Find out if there is a Care Coordinator within a managed care organization if a child is receiving services from an MCO. A Care Coordinator is a medical case manager who may be available to work with the foster parent and/or the social worker in navigating the system.

Communicate with the Care Coordinator. It is imperative for the physician, caseworker and representatives from the courts to work closely with the managed care organization.

Contact the state or MCO Ombudsman if available. Some states have instituted the position of an Ombudsman who may be located in the Office of the Attorney General, the State Medicaid Office, or State Bureau of Insurance that has authority to investigate complaints in a managed care organization within the state. Social workers, foster parents, and guardians ad litem can contact the state Ombudsman to help address problems with access to Medicaid services, the quality of services, or payment of services. Currently, only a few states have instituted the role of an Ombudsman.
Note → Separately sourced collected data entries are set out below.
lemma klinear_abs_le_prod_norm:
  assumes S: "klinear k S" and unit_ball: "\<And>w. \<forall>i<k. norm (w i) \<le> 1 \<Longrightarrow> \<bar>S w\<bar> \<le> M"
  shows "\<bar>S w\<bar> \<le> M * (\<Prod>i<k. norm (w i))"
proof -
  have "norm x *\<^sub>R sgn x = x" for x :: 'a
    by (cases "x = 0") (simp_all add: sgn_div_norm)
  then have "S w = S (\<lambda>i. if i < k then norm (w i) *\<^sub>R sgn (w i) else sgn (w i))"
    by (intro klinear_cong[OF S]) simp
  also have "\<dots> = (\<Prod>i<k. norm (w i)) * S (\<lambda>i. sgn (w i))"
    by (rule klinear_scale_slots[OF S order_refl])
  finally have "\<bar>S w\<bar> = (\<Prod>i<k. norm (w i)) * \<bar>S (\<lambda>i. sgn (w i))\<bar>"
    by (simp add: abs_mult prod_nonneg)
  also have "\<dots> \<le> (\<Prod>i<k. norm (w i)) * M"
    by (intro mult_left_mono unit_ball) (auto simp: norm_sgn prod_nonneg)
  finally show ?thesis by (simp add: mult.commute)
qed

lemma klinear_freeze:
  assumes "klinear (Suc k) S"
  shows "klinear k (freeze S a)"
  unfolding klinear_def
proof (intro conjI allI impI)
  fix w w' :: "nat \<Rightarrow> 'a"
  assume "\<forall>i<k. w i = w' i"
  then show "S (case_nat a w) = S (case_nat a w')"
    by (intro klinear_cong[OF assms]) (auto simp: less_Suc_eq_0_disj)
next
  fix i w
  assume "i < k"
  have "case_nat a (w(i := y)) = (case_nat a w)(Suc i := y)" for y
    by (auto simp: fun_eq_iff split: nat.splits)
  then show "linear (\<lambda>y. S (case_nat a (w(i := y))))"
    using klinear_slot_linear[OF assms, of "Suc i"] \<open>i < k\<close> by simp
qed

lemma klinear_continuous_small_near_0:
  assumes S: "klinear k S" "continuous_on UNIV S" and k: "1 \<le> k"
  obtains e where "e > 0" "\<And>v. \<forall>i<k. norm (v i) \<le> e \<Longrightarrow> \<bar>S v\<bar> < 1"
proof -
  have "S (\<lambda>_. 0) = 0"
    using linear_0[OF klinear_slot_linear[OF S(1), of 0 "\<lambda>_. 0"]] k by (simp add: fun_upd_def)
  then have "(\<lambda>_. 0) \<in> S -` {-1<..<1}"
    by simp
  moreover have "open (S -` {-1<..<1})"
    by (rule open_vimage) (use S(2) in auto)
  ultimately obtain r where r: "\<And>i. r i > 0"
    "\<And>v. (\<And>i. dist (v i) 0 < r i) \<Longrightarrow> v \<in> S -` {-1<..<1}"
    using open_fun_obtain_box by blast
  define e where "e = Min (r ` {..<k}) / 2"
  have Min_pos: "0 < Min (r ` {..<k})"
    using r(1) k by (simp add: Min_gr_iff lessThan_empty_iff)
  then have "e > 0"
    by (simp add: e_def)
  have e_lt: "e < r i" if "i < k" for i
  proof -
    have "Min (r ` {..<k}) \<le> r i"
      using that by (intro Min_le) auto
    then show ?thesis
      using Min_pos unfolding e_def by linarith
  qed
  have "\<bar>S v\<bar> < 1" if v: "\<forall>i<k. norm (v i) \<le> e" for v
  proof -
    have "S v = S (\<lambda>i. if i < k then v i else 0)"
      by (rule klinear_cong[OF S(1)]) simp
    moreover have "(\<lambda>i. if i < k then v i else 0) \<in> S -` {-1<..<1}"
      using v e_lt r(1) by (intro r(2)) (force simp: dist_norm)
    ultimately show ?thesis
      by (simp add: abs_less_iff)
  qed
  with \<open>e > 0\<close> show ?thesis
    using that by blast
qed

lemma Ls_abs_le_mlnorm:
  assumes "S \<in> Ls k" "1 \<le> k"
  shows "\<bar>S w\<bar> \<le> mlnorm k S * (\<Prod>i<k. norm (w i))"
proof -
  have S: "klinear k S" "continuous_on UNIV S"
    using assms(1) by (auto simp: Ls_def)
  obtain e where e: "e > 0" "\<And>v. \<forall>i<k. norm (v i) \<le> e \<Longrightarrow> \<bar>S v\<bar> < 1"
    using klinear_continuous_small_near_0[OF S assms(2)] by blast
  have "\<bar>S w\<bar> \<le> 1 / e ^ k" if "\<forall>i<k. norm (w i) \<le> 1" for w
  proof -
    have "S (\<lambda>i. if i < k then e *\<^sub>R w i else w i) = e ^ k * S w"
      using klinear_scale_slots[OF S(1) order_refl, of "\<lambda>_. e"] by simp
    moreover have "\<bar>S (\<lambda>i. if i < k then e *\<^sub>R w i else w i)\<bar> < 1"
      using that \<open>e > 0\<close> by (intro e(2)) (simp add: mult_left_le)
    ultimately show ?thesis
      using \<open>e > 0\<close> by (simp add: abs_mult field_simps)
  qed
  then have "bdd_above {\<bar>S w\<bar> | w. \<forall>i<k. norm (w i) \<le> 1}"
    by (intro bdd_aboveI) blast
  then have "\<bar>S w\<bar> \<le> mlnorm k S" if "\<forall>i<k. norm (w i) \<le> 1" for w
    unfolding mlnorm_def using that by (intro cSup_upper) auto
  then show ?thesis
    by (rule klinear_abs_le_prod_norm[OF S(1)])
qed

lemma contractive_symformD:
  assumes "contractive_symform k S"
  shows "klinear k S" "i < k \<Longrightarrow> j < k \<Longrightarrow> S (w \<circ> Transposition.transpose i j) = S w"
    "\<bar>S w\<bar> \<le> (\<Prod>i<k. norm (w i))"
  using assms unfolding contractive_symform_def by blast+

lemma contractive_symform_if_Ls:
  assumes "S \<in> Ls k" "mlnorm k S = 1" "1 \<le> k"
  shows "contractive_symform k S"
  using assms Ls_abs_le_mlnorm[OF assms(1,3)]
  by (auto simp: contractive_symform_def Ls_def ksymmetric_def intro: permutes_swap_id)

lemma contractive_symform_update_slot:
  fixes x :: "nat \<Rightarrow> 'a::real_inner"
  assumes S: "contractive_symform k S" and x: "\<forall>i<k. norm (x i) = 1" "S x = 1" and i: "i < k"
  shows "S (x(i := y)) = x i \<bullet> y"
proof (rule linear_eq_inner_if_norm_attained)
  show "linear (\<lambda>y. S (x(i := y)))"
    using klinear_slot_linear[OF contractive_symformD(1)[OF S] i] .
  show "S (x(i := v)) \<le> norm v" for v
  proof -
    have "S (x(i := v)) \<le> (\<Prod>j<k. norm ((x(i := v)) j))"
      using contractive_symformD(3)[OF S] abs_le_D1 by blast
    also have "\<dots> = norm v * (\<Prod>j\<in>{..<k} - {i}. norm (x j))"
      using i by (simp add: prod.remove[of _ i])
    also have "\<dots> = norm v"
      using x(1) by (simp add: prod.neutral)
    finally show ?thesis .
  qed
qed (use x i in auto)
An appeal process exists in every managed care organization. Social workers should become familiar with that process and the regulatory agency that oversees the MCO.

It may be helpful for the social worker to include the opinions of the primary care physician, specialists, the foster parent and GAL in an appeal process to strengthen the case for the "medical necessity" of requested services. The appeal process may take some time to complete. If waiting for a service will cause undue harm or further injury to a child and the team agrees that it is an emergency, alternative-funding sources must be located.

Alternative funding may be available through general welfare accounts, other state subsidies or community programs.

Diapers, special formula, over the counter medications, some therapeutic services, and some durable medical equipment are examples of things that may be ineligible for reimbursement by Medicaid or private insurance. In some cases Medicaid systems are designed to deny coverage of these items the first and second times. They may require filing an appeal several times before they are accepted. Getting a referral from the child’s physician may be helpful but above all persistence is what may be required.

The State Parent Training and Information Center (PTI) funded through the U. S. Department of Education, Office of Special Education and Rehabilitative Services, provides information to families and professionals about accessing educational and some therapeutic services mandated under the Individuals with Disabilities Education Act (IDEA).

If a child is identified as needing special education services, the child’s school may provide some therapies or specialized services, at no cost to the families. These therapies must be written into a child’s Individualized Education Program (IEP). The IEP is developed for children three through 21 under Part B of IDEA by a committee, comprised of parents, teachers, specialists and others. The IEP committee may be convened at any time if there are questions or concerns pertaining to the child’s progress, behavior or other issues that may affect the goals of the plan.

Ø Infants and toddlers, ages birth to three, suspected of having a developmental delay, or a diagnosed disability may be eligible for local early intervention services. If a child is found eligible for Part C services under IDEA, those services will be outlined in an Individual Family Service Plan (IFSP). The designated state agency responsible for overseeing Part C develops the provisions and guidelines for the funding of services. Funding sources include private health insurance, or Medicaid and families may have additional financial responsibilities.

Ø Local service systems often have flexible wrap-around money that may be available for social workers to access on a case by case basis.